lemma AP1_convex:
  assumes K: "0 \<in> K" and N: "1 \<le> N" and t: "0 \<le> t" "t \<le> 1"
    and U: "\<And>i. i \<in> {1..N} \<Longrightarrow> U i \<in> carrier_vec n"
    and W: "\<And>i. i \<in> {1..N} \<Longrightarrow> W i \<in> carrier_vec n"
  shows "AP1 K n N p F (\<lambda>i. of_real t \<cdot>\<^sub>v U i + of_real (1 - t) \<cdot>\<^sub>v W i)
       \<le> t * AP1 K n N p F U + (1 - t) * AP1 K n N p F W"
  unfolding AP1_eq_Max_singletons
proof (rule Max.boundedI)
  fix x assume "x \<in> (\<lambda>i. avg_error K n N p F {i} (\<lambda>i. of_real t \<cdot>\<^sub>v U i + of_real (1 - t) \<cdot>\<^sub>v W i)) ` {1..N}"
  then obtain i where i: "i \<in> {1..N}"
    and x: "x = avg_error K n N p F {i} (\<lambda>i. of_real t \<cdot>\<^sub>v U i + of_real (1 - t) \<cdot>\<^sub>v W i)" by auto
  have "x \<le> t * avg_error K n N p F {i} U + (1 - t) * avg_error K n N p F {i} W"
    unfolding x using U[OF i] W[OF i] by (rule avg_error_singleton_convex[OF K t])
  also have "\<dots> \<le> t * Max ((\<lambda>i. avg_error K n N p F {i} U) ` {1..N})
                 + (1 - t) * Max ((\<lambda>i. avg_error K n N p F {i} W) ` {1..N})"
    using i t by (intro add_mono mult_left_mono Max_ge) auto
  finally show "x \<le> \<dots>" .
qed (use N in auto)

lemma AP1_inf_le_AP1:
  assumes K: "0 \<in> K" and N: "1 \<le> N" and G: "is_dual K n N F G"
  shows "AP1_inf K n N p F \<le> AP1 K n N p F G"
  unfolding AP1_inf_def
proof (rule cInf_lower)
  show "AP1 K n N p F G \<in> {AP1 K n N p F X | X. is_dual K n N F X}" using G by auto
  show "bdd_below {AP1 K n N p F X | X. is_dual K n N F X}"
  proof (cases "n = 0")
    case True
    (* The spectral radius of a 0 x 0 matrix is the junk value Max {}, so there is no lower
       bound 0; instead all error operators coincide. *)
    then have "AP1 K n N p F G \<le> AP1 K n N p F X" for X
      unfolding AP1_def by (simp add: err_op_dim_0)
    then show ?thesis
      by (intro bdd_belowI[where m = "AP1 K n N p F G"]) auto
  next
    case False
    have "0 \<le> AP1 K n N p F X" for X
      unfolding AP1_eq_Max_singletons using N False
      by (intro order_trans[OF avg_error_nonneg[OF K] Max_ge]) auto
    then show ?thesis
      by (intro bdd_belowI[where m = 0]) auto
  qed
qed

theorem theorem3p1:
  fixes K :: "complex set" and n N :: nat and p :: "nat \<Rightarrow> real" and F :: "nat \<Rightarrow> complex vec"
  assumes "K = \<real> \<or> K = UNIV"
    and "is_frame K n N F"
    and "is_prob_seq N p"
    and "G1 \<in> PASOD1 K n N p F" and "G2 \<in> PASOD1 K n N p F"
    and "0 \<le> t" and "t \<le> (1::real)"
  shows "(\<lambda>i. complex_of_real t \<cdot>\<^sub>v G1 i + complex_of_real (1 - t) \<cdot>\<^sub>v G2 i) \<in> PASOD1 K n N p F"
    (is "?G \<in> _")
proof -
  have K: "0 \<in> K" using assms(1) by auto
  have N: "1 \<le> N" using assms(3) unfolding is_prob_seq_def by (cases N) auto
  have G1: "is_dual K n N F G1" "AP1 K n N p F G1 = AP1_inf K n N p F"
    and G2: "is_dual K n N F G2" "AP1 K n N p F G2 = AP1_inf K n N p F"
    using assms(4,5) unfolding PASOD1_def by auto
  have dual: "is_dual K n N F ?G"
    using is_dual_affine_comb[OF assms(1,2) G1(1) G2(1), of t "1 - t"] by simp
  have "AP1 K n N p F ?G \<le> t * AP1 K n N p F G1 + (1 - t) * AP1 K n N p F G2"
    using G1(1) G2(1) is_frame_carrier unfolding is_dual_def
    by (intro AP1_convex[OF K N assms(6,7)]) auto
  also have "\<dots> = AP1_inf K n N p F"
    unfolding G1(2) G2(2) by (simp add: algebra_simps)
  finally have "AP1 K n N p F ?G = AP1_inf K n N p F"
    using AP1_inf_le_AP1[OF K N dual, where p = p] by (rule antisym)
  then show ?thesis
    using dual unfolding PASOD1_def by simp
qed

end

=======

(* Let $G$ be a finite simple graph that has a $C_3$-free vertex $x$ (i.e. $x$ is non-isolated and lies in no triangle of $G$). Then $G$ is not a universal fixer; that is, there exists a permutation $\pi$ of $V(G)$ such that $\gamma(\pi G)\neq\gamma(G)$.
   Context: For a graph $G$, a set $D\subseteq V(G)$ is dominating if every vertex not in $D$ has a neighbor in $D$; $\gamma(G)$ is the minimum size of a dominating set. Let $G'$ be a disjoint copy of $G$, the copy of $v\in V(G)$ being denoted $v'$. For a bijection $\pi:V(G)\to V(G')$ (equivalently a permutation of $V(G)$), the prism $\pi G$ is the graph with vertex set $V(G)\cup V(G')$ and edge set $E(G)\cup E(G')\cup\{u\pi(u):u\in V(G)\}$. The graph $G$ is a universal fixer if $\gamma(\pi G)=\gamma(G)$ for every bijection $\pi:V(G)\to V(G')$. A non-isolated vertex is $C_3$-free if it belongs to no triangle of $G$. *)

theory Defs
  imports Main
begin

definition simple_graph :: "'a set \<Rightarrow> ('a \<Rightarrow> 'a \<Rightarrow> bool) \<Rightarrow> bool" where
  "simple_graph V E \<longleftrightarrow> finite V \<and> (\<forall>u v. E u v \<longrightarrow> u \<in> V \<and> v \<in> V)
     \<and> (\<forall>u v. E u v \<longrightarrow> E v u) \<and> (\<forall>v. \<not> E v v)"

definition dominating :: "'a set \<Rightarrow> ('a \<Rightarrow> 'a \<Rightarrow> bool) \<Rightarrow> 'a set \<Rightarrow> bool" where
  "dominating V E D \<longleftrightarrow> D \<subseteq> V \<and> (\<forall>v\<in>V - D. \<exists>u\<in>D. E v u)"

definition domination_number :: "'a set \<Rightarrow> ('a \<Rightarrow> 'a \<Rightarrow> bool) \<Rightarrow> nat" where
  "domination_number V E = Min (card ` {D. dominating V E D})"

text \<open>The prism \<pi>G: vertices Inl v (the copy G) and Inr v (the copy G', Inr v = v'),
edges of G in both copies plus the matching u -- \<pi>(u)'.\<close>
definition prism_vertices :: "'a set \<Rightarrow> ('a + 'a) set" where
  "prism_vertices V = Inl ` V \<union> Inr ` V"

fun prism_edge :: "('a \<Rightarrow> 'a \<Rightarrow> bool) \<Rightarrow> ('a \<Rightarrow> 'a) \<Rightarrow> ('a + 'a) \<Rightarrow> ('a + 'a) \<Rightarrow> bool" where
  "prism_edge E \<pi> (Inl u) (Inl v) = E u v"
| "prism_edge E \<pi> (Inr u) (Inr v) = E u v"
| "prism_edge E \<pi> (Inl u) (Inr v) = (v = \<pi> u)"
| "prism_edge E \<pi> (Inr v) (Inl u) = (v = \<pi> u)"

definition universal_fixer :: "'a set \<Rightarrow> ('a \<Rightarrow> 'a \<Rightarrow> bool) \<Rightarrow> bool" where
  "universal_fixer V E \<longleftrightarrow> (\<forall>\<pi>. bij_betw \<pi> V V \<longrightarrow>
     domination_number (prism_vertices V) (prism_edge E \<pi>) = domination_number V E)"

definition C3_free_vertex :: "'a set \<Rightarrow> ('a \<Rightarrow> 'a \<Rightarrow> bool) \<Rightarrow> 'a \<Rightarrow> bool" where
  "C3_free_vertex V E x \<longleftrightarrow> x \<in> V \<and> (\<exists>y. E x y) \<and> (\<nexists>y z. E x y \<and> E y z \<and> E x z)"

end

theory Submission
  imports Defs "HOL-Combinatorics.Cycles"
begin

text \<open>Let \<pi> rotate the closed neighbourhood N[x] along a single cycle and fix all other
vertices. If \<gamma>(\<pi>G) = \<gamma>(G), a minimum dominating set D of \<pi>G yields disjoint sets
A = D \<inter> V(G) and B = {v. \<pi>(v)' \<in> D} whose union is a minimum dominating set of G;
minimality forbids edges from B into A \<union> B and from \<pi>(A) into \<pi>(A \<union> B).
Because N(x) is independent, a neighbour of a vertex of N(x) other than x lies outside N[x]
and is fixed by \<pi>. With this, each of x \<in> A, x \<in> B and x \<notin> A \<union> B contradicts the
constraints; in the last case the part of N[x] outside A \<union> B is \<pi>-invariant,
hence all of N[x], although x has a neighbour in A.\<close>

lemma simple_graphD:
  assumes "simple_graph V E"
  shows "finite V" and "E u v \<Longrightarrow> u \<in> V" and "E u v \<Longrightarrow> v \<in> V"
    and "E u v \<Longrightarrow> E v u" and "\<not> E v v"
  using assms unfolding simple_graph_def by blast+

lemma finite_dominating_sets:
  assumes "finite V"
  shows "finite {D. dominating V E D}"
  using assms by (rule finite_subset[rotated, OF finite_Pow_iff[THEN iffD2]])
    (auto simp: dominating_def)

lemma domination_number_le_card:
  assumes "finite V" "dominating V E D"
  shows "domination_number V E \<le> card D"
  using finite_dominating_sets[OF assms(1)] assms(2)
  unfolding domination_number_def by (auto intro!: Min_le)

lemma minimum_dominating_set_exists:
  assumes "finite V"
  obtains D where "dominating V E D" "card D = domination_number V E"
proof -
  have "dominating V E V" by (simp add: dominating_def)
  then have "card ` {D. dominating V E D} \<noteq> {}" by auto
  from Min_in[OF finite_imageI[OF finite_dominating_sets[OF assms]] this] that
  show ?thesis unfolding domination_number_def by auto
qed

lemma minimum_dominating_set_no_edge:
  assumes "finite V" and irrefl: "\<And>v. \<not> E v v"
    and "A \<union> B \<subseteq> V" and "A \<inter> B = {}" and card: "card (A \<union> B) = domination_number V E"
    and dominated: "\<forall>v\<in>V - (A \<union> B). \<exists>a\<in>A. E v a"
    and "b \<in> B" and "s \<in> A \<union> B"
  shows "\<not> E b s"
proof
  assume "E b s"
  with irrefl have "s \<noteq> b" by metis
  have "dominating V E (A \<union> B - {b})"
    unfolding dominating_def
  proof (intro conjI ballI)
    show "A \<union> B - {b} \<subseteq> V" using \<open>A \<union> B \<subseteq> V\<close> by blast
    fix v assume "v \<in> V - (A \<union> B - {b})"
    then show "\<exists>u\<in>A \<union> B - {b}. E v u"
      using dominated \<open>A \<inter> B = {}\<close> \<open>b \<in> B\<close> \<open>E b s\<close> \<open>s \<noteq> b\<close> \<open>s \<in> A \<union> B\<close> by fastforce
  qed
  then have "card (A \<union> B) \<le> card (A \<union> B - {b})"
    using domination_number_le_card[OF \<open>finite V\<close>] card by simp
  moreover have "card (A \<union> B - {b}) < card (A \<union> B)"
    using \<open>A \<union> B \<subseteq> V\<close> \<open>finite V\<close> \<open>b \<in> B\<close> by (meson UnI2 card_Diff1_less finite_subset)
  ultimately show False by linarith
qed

=======

_Activity_: Pull out all lines from the listing that contain the string "shows".

_Result for this task_:
  shows "AP1 K n N p F (\<lambda>i. of_real t \<cdot>\<^sub>v U i + of_real (1 - t) \<cdot>\<^sub>v W i)
  shows "AP1_inf K n N p F \<le> AP1 K n N p F G"
  shows "(\<lambda>i. complex_of_real t \<cdot>\<^sub>v G1 i + complex_of_real (1 - t) \<cdot>\<^sub>v G2 i) \<in> PASOD1 K n N p F"
  shows "finite V" and "E u v \<Longrightarrow> u \<in> V" and "E u v \<Longrightarrow> v \<in> V"
  shows "finite {D. dominating V E D}"
  shows "domination_number V E \<le> card D"
  shows "\<not> E b s"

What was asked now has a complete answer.